» Problem statement
Lift out each line of the data that holds "remaining".

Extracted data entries

(* For every contention-resolution protocol of the form described in the context (i.e. every choice of emission probabilities $p_w$, one for each binary word $w$ of length $<k$), one can associate $m+1$ real numbers $z_0,\dots,z_m$ in $[0,1]$ with $0=z_0<z_1<\dots<z_{m-1}<z_m=1$ such that the probability of success (non-collision) of the protocol is $$\rho=\sum_{i\in\{1,\dots,m\}}(z_i-z_{i-1})f'(z_{i-1}),$$ and the probabilities used in the rounds of selection are given by $$p_w=\frac{z_{\#(w)2^{k-l(w)}+2^{k-l(w)}}-z_{\#(w)2^{k-l(w)}+2^{k-l(w)-1}}}{z_{\#(w)2^{k-l(w)}+2^{k-l(w)}}-z_{\#(w)2^{k-l(w)}}}.$$ Conversely, to every family of real numbers $z_0,\dots,z_m$ with $0=z_0<z_1<\dots<z_{m-1}<z_m=1$ one can associate such a selection protocol, with probabilities $p_w$ given by the second formula, whose probability of success is given by the first formula.
   Context: A random number $n\ge 1$ of stations contend for a channel; $q_n\ge 0$ is the probability that exactly $n$ stations contend, $\sum_{n\geq1}q_n=1$, and $f(x)=\sum_{n\geq1}q_nx^n$ is its generating function. Contention is resolved in $k$ rounds (mini-slots) of selection, and $m=2^k$. For a word $w$ over the alphabet $\{0,1\}$, $l(w)$ denotes its length and $\#(w)$ the integer whose binary representation is $w$. At round $t\in\{1,\dots,k\}$, each station not yet eliminated emits a signal with probability $p_w$, where $w=r(1)\dots r(t-1)$ is the word of previous try-bits, $r(s)\in\{0,1\}$ indicating whether at least one station emitted at round $s$ (so at round 1 the probability is $p_{\emptyset}$). A station that does not emit and hears a signal from another station withdraws; all other stations remain. The protocol succeeds if exactly one station remains after the $k$ rounds; $\rho$ denotes this success probability. *)

theory Defs
  imports "HOL-Analysis.Analysis"
begin

text \<open>Words over {0,1} are bool lists, True = 1; the head of the list is r(1).
  bin_val w is the integer whose binary representation is w (most significant bit first).\<close>
definition bin_val :: "bool list \<Rightarrow> nat" where
  "bin_val w = foldl (\<lambda>a b. 2 * a + (if b then 1 else 0)) 0 w"

text \<open>succ_prob p r w j: probability that exactly one station remains after the
  remaining r rounds, given that the history of try-bits so far is w and j stations
  are still in contention. Each of the j stations emits independently with
  probability p w; if e \<ge> 1 stations emit, exactly those e remain and the try-bit is 1;
  if none emits, all j remain and the try-bit is 0.\<close>
fun succ_prob :: "(bool list \<Rightarrow> real) \<Rightarrow> nat \<Rightarrow> bool list \<Rightarrow> nat \<Rightarrow> real" where
  "succ_prob p 0 w j = (if j = 1 then 1 else 0)"
| "succ_prob p (Suc r) w j =
     (\<Sum>e = 1..j. real (j choose e) * p w ^ e * (1 - p w) ^ (j - e)
                    * succ_prob p r (w @ [True]) e)
     + (1 - p w) ^ j * succ_prob p r (w @ [False]) j"

text \<open>Success probability rho of the protocol p with k rounds, when exactly n stations
  contend with probability q n.\<close>
definition rho :: "(nat \<Rightarrow> real) \<Rightarrow> nat \<Rightarrow> (bool list \<Rightarrow> real) \<Rightarrow> real" where
  "rho q k p = (\<Sum>n. q n * succ_prob p k [] n)"

definition genfun :: "(nat \<Rightarrow> real) \<Rightarrow> real \<Rightarrow> real" where
  "genfun q x = (\<Sum>n. q n * x ^ n)"

text \<open>The probability p_w expressed through z_0,...,z_m (m = 2^k).\<close>
definition p_of_z :: "nat \<Rightarrow> (nat \<Rightarrow> real) \<Rightarrow> bool list \<Rightarrow> real" where
  "p_of_z k z w =
     (let a = bin_val w * 2 ^ (k - length w) in
      (z (a + 2 ^ (k - length w)) - z (a + 2 ^ (k - length w - 1)))
      / (z (a + 2 ^ (k - length w)) - z a))"

end

theory Submission
  imports Defs
begin

text \<open>A protocol and a point family z correspond through the dyadic tree of try-bit
  histories: the history w of length k - r owns the block of 2^r consecutive cells
  starting at index bin_val w * 2^r, and p_w is the proportion of that block taken by its
  upper half (the stations that emit). If j stations are in contention at w, the
  probability that the remaining rounds isolate exactly one of them, multiplied by the
  j-th power of the block length, is the left Riemann sum of the derivative of
  x \<mapsto> (x - z_a)^j over the cells of the block; the binomial theorem makes this
  invariant propagate from the two halves to the block. At the root the Riemann sums
  weighted by q_n add up to the sum of (z_i - z_(i-1)) f'(z_(i-1)).\<close>

lemma sum_binomial_derivative:
  fixes y L :: "'a::comm_ring_1"
  shows "(\<Sum>e=1..j. of_nat (j choose e) * (of_nat e * y^(e-1)) * L^(j-e)) = of_nat j * (y+L)^(j-1)"
proof (cases j)
  case 0
  then show ?thesis by simp
next
  case (Suc n)
  have "(\<Sum>e=1..Suc n. of_nat (Suc n choose e) * (of_nat e * y^(e-1)) * L^(Suc n-e))
      = (\<Sum>e=0..n. of_nat (Suc n choose Suc e) * (of_nat (Suc e) * y^e) * L^(n-e) :: 'a)"
    unfolding One_nat_def sum.shift_bounds_cl_Suc_ivl by simp
  also have "\<dots> = (\<Sum>e=0..n. of_nat (Suc n) * (of_nat (n choose e) * y^e * L^(n-e)))"
  proof (rule sum.cong[OF refl])
    fix e
    have "of_nat (Suc n choose Suc e) * of_nat (Suc e) = (of_nat (Suc n) * of_nat (n choose e) :: 'a)"
      using Suc_times_binomial[of e n] by (metis of_nat_mult mult.commute)
    then show "of_nat (Suc n choose Suc e) * (of_nat (Suc e) * y^e) * L^(n-e)
       = of_nat (Suc n) * (of_nat (n choose e) * y^e * L^(n-e))"
      by (metis (no_types, lifting) mult.assoc mult.left_commute)
  qed
  also have "\<dots> = of_nat (Suc n) * (y+L)^n"
    by (simp add: binomial_ring sum_distrib_left atLeast0AtMost)
  finally show ?thesis using Suc by simp
qed

lemma
  fixes q :: "nat \<Rightarrow> real"
  assumes q_nonneg: "\<And>n. q n \<ge> 0" and q_summable: "summable q" and x: "\<bar>x\<bar> < 1"
  shows summable_genfun_deriv: "summable (\<lambda>n. q n * (real n * x^(n-1)))"
    and deriv_genfun: "deriv (genfun q) x = (\<Sum>n. q n * (real n * x^(n-1)))"
proof -
  have summable_inside: "summable (\<lambda>n. q n * y^n)" if "norm y < 1" for y :: real
  proof (rule summable_comparison_test[OF _ q_summable])
    show "\<exists>N. \<forall>n\<ge>N. norm (q n * y ^ n) \<le> q n"
    proof (intro exI allI impI)
      fix n :: nat
      have "\<bar>y\<bar>^n \<le> 1" using that by (simp add: power_le_one)
      then show "norm (q n * y ^ n) \<le> q n"
        using q_nonneg[of n] by (simp add: abs_mult power_abs mult_left_le)
    qed
  qed
  have summable_diffs: "summable (\<lambda>n. diffs q n * x^n)"
    by (rule termdiff_converges[where K=1]) (use x summable_inside in auto)
  have "DERIV (\<lambda>x. \<Sum>n. q n * x^n) x :> (\<Sum>n. diffs q n * x^n)"
    by (rule termdiffs_strong[where K=1]) (use x q_summable in auto)
  then have deriv_eq: "deriv (genfun q) x = (\<Sum>n. diffs q n * x^n)"
    by (simp add: DERIV_imp_deriv genfun_def[abs_def])
  define g where "g n = q n * (real n * x^(n-1))" for n
  have g_Suc: "(\<lambda>n. g (Suc n)) = (\<lambda>n. diffs q n * x^n)"
    by (simp add: g_def diffs_def fun_eq_iff)
  have "summable g" using summable_diffs g_Suc summable_Suc_iff[of g] by simp
  then show "summable (\<lambda>n. q n * (real n * x^(n-1)))" unfolding g_def .
  have "(\<Sum>n. g n) = (\<Sum>n. diffs q n * x^n)"
    using suminf_split_head[OF \<open>summable g\<close>] g_Suc by (simp add: g_def[of 0])
  then show "deriv (genfun q) x = (\<Sum>n. q n * (real n * x^(n-1)))"
    using deriv_eq by (simp add: g_def[abs_def])
qed

lemma bin_val_snoc: "bin_val (w @ [b]) = 2 * bin_val w + (if b then 1 else 0)"
  by (simp add: bin_val_def)

lemma bin_val_less: "bin_val w < 2 ^ length w"
  by (induction w rule: rev_induct) (auto simp: bin_val_snoc bin_val_def)

lemma bin_val_block_le:
  assumes "length w + r = k"
  shows "bin_val w * 2^r + 2^r \<le> 2^k"
proof -
  have "(bin_val w + 1) * 2^r \<le> 2^length w * 2^r"
    using bin_val_less[of w] by (intro mult_le_mono1) simp
  also have "\<dots> = 2^k" using assms by (simp flip: power_add)
  finally show ?thesis by simp
qed

definition block_sum :: "(nat \<Rightarrow> real) \<Rightarrow> nat \<Rightarrow> nat \<Rightarrow> nat \<Rightarrow> real" where
  "block_sum z r a j = (\<Sum>i=1..2^r. (z (a+i) - z (a+i-1)) * (real j * (z (a+i-1) - z a)^(j-1)))"

lemma block_sum_Suc:
  "block_sum z (Suc r) a j = block_sum z r a j +
     (\<Sum>i=1..2^r. (z (a+2^r+i) - z (a+2^r+i-1)) * (real j * (z (a+2^r+i-1) - z a)^(j-1)))"
proof -
  let ?t = "\<lambda>i. (z (a+i) - z (a+i-1)) * (real j * (z (a+i-1) - z a)^(j-1))"
  have "block_sum z (Suc r) a j = block_sum z r a j + (\<Sum>i=2^r+1..2^r+2^r. ?t i)"
    unfolding block_sum_def mult_2 power_Suc by (rule sum.ub_add_nat) simp
  also have "(\<Sum>i=2^r+1..2^r+2^r. ?t i) = (\<Sum>i=1..2^r. ?t (2^r + i))"
    using sum.shift_bounds_cl_nat_ivl[of ?t 1 "2^r" "2^r"] by (simp add: add.commute)
  finally show ?thesis by (simp add: add.assoc)
qed

lemma block_sum_binomial:
  "(\<Sum>e=1..j. real (j choose e) * L^(j-e) * block_sum z r a e)
   = (\<Sum>i=1..2^r. (z (a+i) - z (a+i-1)) * (real j * (z (a+i-1) - z a + L)^(j-1)))"
proof -
  have "(\<Sum>e=1..j. real (j choose e) * L^(j-e) * block_sum z r a e)
     = (\<Sum>i=1..2^r. (z (a+i) - z (a+i-1)) *
          (\<Sum>e=1..j. real (j choose e) * (real e * (z (a+i-1) - z a)^(e-1)) * L^(j-e)))"
    unfolding block_sum_def sum_distrib_left by (subst sum.swap) (simp add: mult_ac)
  then show ?thesis by (simp only: sum_binomial_derivative)
qed

lemma succ_prob_Suc_scaled:
  assumes "D * p w = U" and "D * (1 - p w) = L"
  shows "D^j * succ_prob p (Suc r) w j =
     (\<Sum>e=1..j. real (j choose e) * L^(j-e) * (U^e * succ_prob p r (w @ [True]) e))
     + L^j * succ_prob p r (w @ [False]) j"
proof -
  have "D^j * (\<Sum>e=1..j. real (j choose e) * p w ^ e * (1 - p w) ^ (j - e) * succ_prob p r (w @ [True]) e)
      = (\<Sum>e=1..j. real (j choose e) * L^(j-e) * (U^e * succ_prob p r (w @ [True]) e))"
    unfolding sum_distrib_left
  proof (rule sum.cong[OF refl])
    fix e assume "e \<in> {1..j}"
    then have "D^j = D^e * D^(j-e)" by (simp flip: power_add)
    then have "D^j * (real (j choose e) * p w ^ e * (1 - p w) ^ (j - e) * succ_prob p r (w @ [True]) e)
        = real (j choose e) * (D * (1 - p w))^(j-e) * ((D * p w)^e * succ_prob p r (w @ [True]) e)"
      by (simp add: power_mult_distrib mult_ac)
    then show "D^j * (real (j choose e) * p w ^ e * (1 - p w) ^ (j - e) * succ_prob p r (w @ [True]) e)
        = real (j choose e) * L^(j-e) * (U^e * succ_prob p r (w @ [True]) e)"
      by (simp add: assms)
  qed
  moreover have "D^j * ((1 - p w) ^ j * succ_prob p r (w @ [False]) j) = L^j * succ_prob p r (w @ [False]) j"
    using assms(2) by (metis mult.assoc power_mult_distrib)
  ultimately show ?thesis by (simp add: distrib_left)
qed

» Answer area
  remaining r rounds, given that the history of try-bits so far is w and j stations
  probability that the remaining rounds isolate exactly one of them, multiplied by the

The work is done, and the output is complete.